_WORK TO COMPLETE_
Copy exactly the line containing "(auto intro: less_trans)" and all lines after it, through the last line of the material below; omit everything before it.

# # # # # # #

lemma index_oc_eq: "c k < m \<Longrightarrow> m \<le> c (Suc k) \<Longrightarrow> index_oc m = k"
  unfolding index_oc_def using segment_oc_unique by blast

lemma index_co_ladder: "index_co (c k) = k"
  by (rule index_co_eq) (simp_all add: ladder_less_iff)

lemma ladder_cases:
  assumes "rho \<le> b" and "b < lam"
  obtains (ladder) k where "b = c k"
    | (gap) k where "c k < b" and "b < c (Suc k)"
proof -
  obtain n where "b < c n" using ladder_cofinal assms(2) by blast
  then obtain k where "c k \<le> b" "b < c (Suc k)"
    using segment_co_exists[of c b n] assms(1) ladder_0 by blast
  then show thesis using that by (auto simp: order.order_iff_strict)
qed

lemma gap_not_ladder: "c k < b \<Longrightarrow> b < c (Suc k) \<Longrightarrow> b \<notin> range c"
  by (auto simp: ladder_less_iff)

lemma gap_subset: "{c k<..<c (Suc k)} \<subseteq> {rho..<lam}"
  using rho_le_ladder[of k] ladder_less[of "Suc k"] by auto

lemma LIMs_segment_subset: "LIMs {c k<..c (Suc k)} \<subseteq> LIMs {rho<..lam}"
  using rho_le_ladder[of k] ladder_less[of "Suc k"] unfolding LIMs_def by auto

lemma gap_limit: "c k < b \<Longrightarrow> b < c (Suc k) \<Longrightarrow> is_limit (c (Suc k))"
  using ladder_step[of k] osucc_leI[of "c k" b] by auto

lemma segment_limit:
  assumes "c k < m" "m \<le> c (Suc k)" "is_limit m"
  shows "is_limit (c (Suc k))"
  using assms ladder_step[of k] osucc_leI[of "c k" m] not_limit_osucc[OF assms(1)]
  by (auto simp: order.order_iff_strict)

lemma limit_segment:
  assumes "m \<in> LIMs {rho<..lam}" and "m \<noteq> lam"
  obtains k where "c k < m" and "m \<le> c (Suc k)" and "is_limit (c (Suc k))"
    and "m \<in> LIMs {c k<..c (Suc k)}" and "index_oc m = k"
proof -
  have m: "rho < m" "m < lam" "is_limit m" using assms by (auto simp: LIMs_def)
  obtain n where "m < c n" using ladder_cofinal m(2) by blast
  then obtain k where k: "c k < m" "m \<le> c (Suc k)"
    using segment_oc_exists[of c m n] m(1) ladder_0 by (auto simp: less_imp_le)
  moreover have "is_limit (c (Suc k))" using segment_limit k m(3) .
  ultimately show thesis using that m(3) index_oc_eq by (simp add: LIMs_def)
qed

lemma gap_osucc_eqs:
  "{osucc (c k)..<c (Suc k)} = {c k<..<c (Suc k)}"
  "{osucc (c k)..c (Suc k)} = {c k<..c (Suc k)}"
  "LIMs {osucc (c k)<..c (Suc k)} = LIMs {c k<..c (Suc k)}"
  using ladder_less_iff[of k "Suc k"]
  by (simp_all add: atLeastLessThan_osucc atLeastAtMost_osucc LIMs_greaterThanAtMost_osucc)

end

locale ladder_gluing = ladder rho lam c
  for rho lam :: "'a::wellorder" and c :: "nat \<Rightarrow> 'a" +
  fixes D :: "nat \<Rightarrow> 'a \<Rightarrow> 'a" and L :: "nat \<Rightarrow> 'a \<Rightarrow> nat" and A :: "nat \<Rightarrow> 'a \<Rightarrow> nat \<Rightarrow> 'a"
  assumes gap_structure:
    "is_limit (c (Suc k)) \<Longrightarrow> diamond_structure (osucc (c k)) (c (Suc k)) (D k) (L k) (A k)"
begin

definition glued_dia :: "'a \<Rightarrow> 'a" where
  "glued_dia b = (if b \<in> range c then lam else D (index_co b) b)"

definition glued_ell :: "'a \<Rightarrow> nat" where
  "glued_ell b = (if b = lam then 1 else if b \<in> range c then Suc (index_co b)
    else L (index_co b) b + index_co b + 1)"

definition glued_a :: "'a \<Rightarrow> nat \<Rightarrow> 'a" where
  "glued_a \<mu> = (if \<mu> = lam then c else A (index_oc \<mu>) \<mu>)"

lemma glued_dia_ladder [simp]: "glued_dia (c k) = lam"
  by (simp add: glued_dia_def)

lemma glued_dia_gap: "c k < b \<Longrightarrow> b < c (Suc k) \<Longrightarrow> glued_dia b = D k b"
  using gap_not_ladder index_co_eq[OF less_imp_le] by (simp add: glued_dia_def)

lemma glued_ell_lam [simp]: "glued_ell lam = 1"
  by (simp add: glued_ell_def)

lemma glued_ell_ladder [simp]: "glued_ell (c k) = Suc k"
  using ladder_less[of k] by (auto simp: glued_ell_def index_co_ladder)

lemma glued_ell_gap:
  assumes "c k < b" "b \<le> c (Suc k)" and lim: "is_limit (c (Suc k))"
  shows "glued_ell b = L k b + k + 1"
proof (cases "b = c (Suc k)")
  case True
  interpret G: diamond_structure "osucc (c k)" "c (Suc k)" "D k" "L k" "A k"
    using gap_structure[OF lim] .
  show ?thesis using G.ell_lam True by simp
next
  case False
  then have "b < c (Suc k)" using assms(2) by simp
  then show ?thesis
    using assms(1) gap_not_ladder index_co_eq[OF less_imp_le] ladder_less[of "Suc k"]
    by (auto simp: glued_ell_def)
qed

lemma glued_dia_gap_LIMs:
  assumes "c k < b" "b < c (Suc k)"
  shows "glued_dia b \<in> LIMs {c k<..c (Suc k)}"
proof -
  interpret G: diamond_structure "osucc (c k)" "c (Suc k)" "D k" "L k" "A k"
    using gap_structure[OF gap_limit[OF assms]] .
  show ?thesis using G.dia_image assms by (auto simp: gap_osucc_eqs glued_dia_gap)
qed

lemma glued_dia_image: "glued_dia ` {rho..<lam} = LIMs {rho<..lam}"
proof (intro equalityI subsetI)
  fix m assume "m \<in> glued_dia ` {rho..<lam}"
  then obtain b where b: "rho \<le> b" "b < lam" and m: "m = glued_dia b" by auto
  from b show "m \<in> LIMs {rho<..lam}"
  proof (cases rule: ladder_cases)
    case ladder
    then show ?thesis using m ladder_limit rho_less_lam by (simp add: LIMs_def)
  next
    case (gap k)
    then show ?thesis using m glued_dia_gap_LIMs LIMs_segment_subset by blast
  qed
next
  fix m assume m: "m \<in> LIMs {rho<..lam}"
  show "m \<in> glued_dia ` {rho..<lam}"
  proof (cases "m = lam")
    case True
    then show ?thesis using glued_dia_ladder[of 0] ladder_0 rho_less_lam by force
  next
    case False
    then obtain k where lim: "is_limit (c (Suc k))" and mk: "m \<in> LIMs {c k<..c (Suc k)}"
      using limit_segment[OF m False] by blast
    interpret G: diamond_structure "osucc (c k)" "c (Suc k)" "D k" "L k" "A k"
      using gap_structure[OF lim] .
    have "m \<in> D k ` {c k<..<c (Suc k)}"
      using G.dia_image mk by (simp add: gap_osucc_eqs)
    then obtain b where "b \<in> {c k<..<c (Suc k)}" "m = D k b" by blast
    then show ?thesis using gap_subset glued_dia_gap by force
  qed
qed

lemma glued_ell_pos: "0 < glued_ell b"
  by (simp add: glued_ell_def)

lemma glued_a_range:
  assumes "\<mu> \<in> LIMs {rho<..lam}"
  shows "glued_a \<mu> j \<in> {rho..<lam}"
proof (cases "\<mu> = lam")
  case True
  then show ?thesis using rho_le_ladder ladder_less by (simp add: glued_a_def)
next
  case False
  then obtain k where lim: "is_limit (c (Suc k))" and \<mu>: "\<mu> \<in> LIMs {c k<..c (Suc k)}"
    and "index_oc \<mu> = k"
    using limit_segment[OF assms] by blast
  interpret G: diamond_structure "osucc (c k)" "c (Suc k)" "D k" "L k" "A k"
    using gap_structure[OF lim] .
  have "A k \<mu> j \<in> {c k<..<c (Suc k)}"
    using G.a_range \<mu> by (simp add: gap_osucc_eqs)
  moreover have "glued_a \<mu> = A k \<mu>"
    using False \<open>index_oc \<mu> = k\<close> by (simp add: glued_a_def)
  ultimately show ?thesis using gap_subset[of k] by auto
qed

lemma glued_dia_iterates:
  assumes "b \<in> {rho..<lam}"
  shows "\<exists>s>0. (glued_dia ^^ s) b = lam
    \<and> (\<forall>j<s. (glued_dia ^^ j) b < (glued_dia ^^ Suc j) b)"
proof -
  from assms have "rho \<le> b" "b < lam" by auto
  then show ?thesis
  proof (cases rule: ladder_cases)
    case ladder
    then show ?thesis using \<open>b < lam\<close> by (intro exI[of _ 1]) simp
  next
    case (gap k)
    interpret G: diamond_structure "osucc (c k)" "c (Suc k)" "D k" "L k" "A k"
      using gap_structure[OF gap_limit[OF gap]] .
    obtain s where "s > 0" and s: "(D k ^^ s) b = c (Suc k)"
      and chain: "\<And>j. j < s \<Longrightarrow> (D k ^^ j) b < (D k ^^ Suc j) b"
      using G.dia_iterates gap by (auto simp: gap_osucc_eqs)
    have chain_less: "(D k ^^ i) b < (D k ^^ j) b" if "i < j" "j \<le> s" for i j
      by (rule lift_Suc_mono_less_ivl[where f = "\<lambda>j. (D k ^^ j) b" and N = "{..<s}"])
        (use chain that in auto)
    have in_gap: "c k < (D k ^^ j) b \<and> (D k ^^ j) b < c (Suc k)" if "j < s" for j
      using chain_less[of 0 j] chain_less[of j s] that gap s
      by (cases "j = 0") (auto intro: less_trans)
    have agree: "(glued_dia ^^ j) b = (D k ^^ j) b" if "j \<le> s" for j
      using that by (induction j) (auto simp: in_gap glued_dia_gap)
    show ?thesis
    proof (intro exI[of _ "Suc s"] conjI allI impI)
      show "(glued_dia ^^ Suc s) b = lam" using agree[of s] s by simp
      fix j assume "j < Suc s"
      then consider "j < s" | "j = s" by linarith
      then show "(glued_dia ^^ j) b < (glued_dia ^^ Suc j) b"
      proof cases
        case 1
        then show ?thesis using agree[of j] agree[of "Suc j"] chain by simp
      next
        case 2
        then show ?thesis using agree[of s] s ladder_less by simp
      qed
    qed simp
  qed
qed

# # # # # # #

_ANSWER BELOW_
      by (cases "j = 0") (auto intro: less_trans)
    have agree: "(glued_dia ^^ j) b = (D k ^^ j) b" if "j \<le> s" for j
      using that by (induction j) (auto simp: in_gap glued_dia_gap)
    show ?thesis
    proof (intro exI[of _ "Suc s"] conjI allI impI)
      show "(glued_dia ^^ Suc s) b = lam" using agree[of s] s by simp
      fix j assume "j < Suc s"
      then consider "j < s" | "j = s" by linarith
      then show "(glued_dia ^^ j) b < (glued_dia ^^ Suc j) b"
      proof cases
        case 1
        then show ?thesis using agree[of j] agree[of "Suc j"] chain by simp
      next
        case 2
        then show ?thesis using agree[of s] s ladder_less by simp
      qed
    qed simp
  qed
qed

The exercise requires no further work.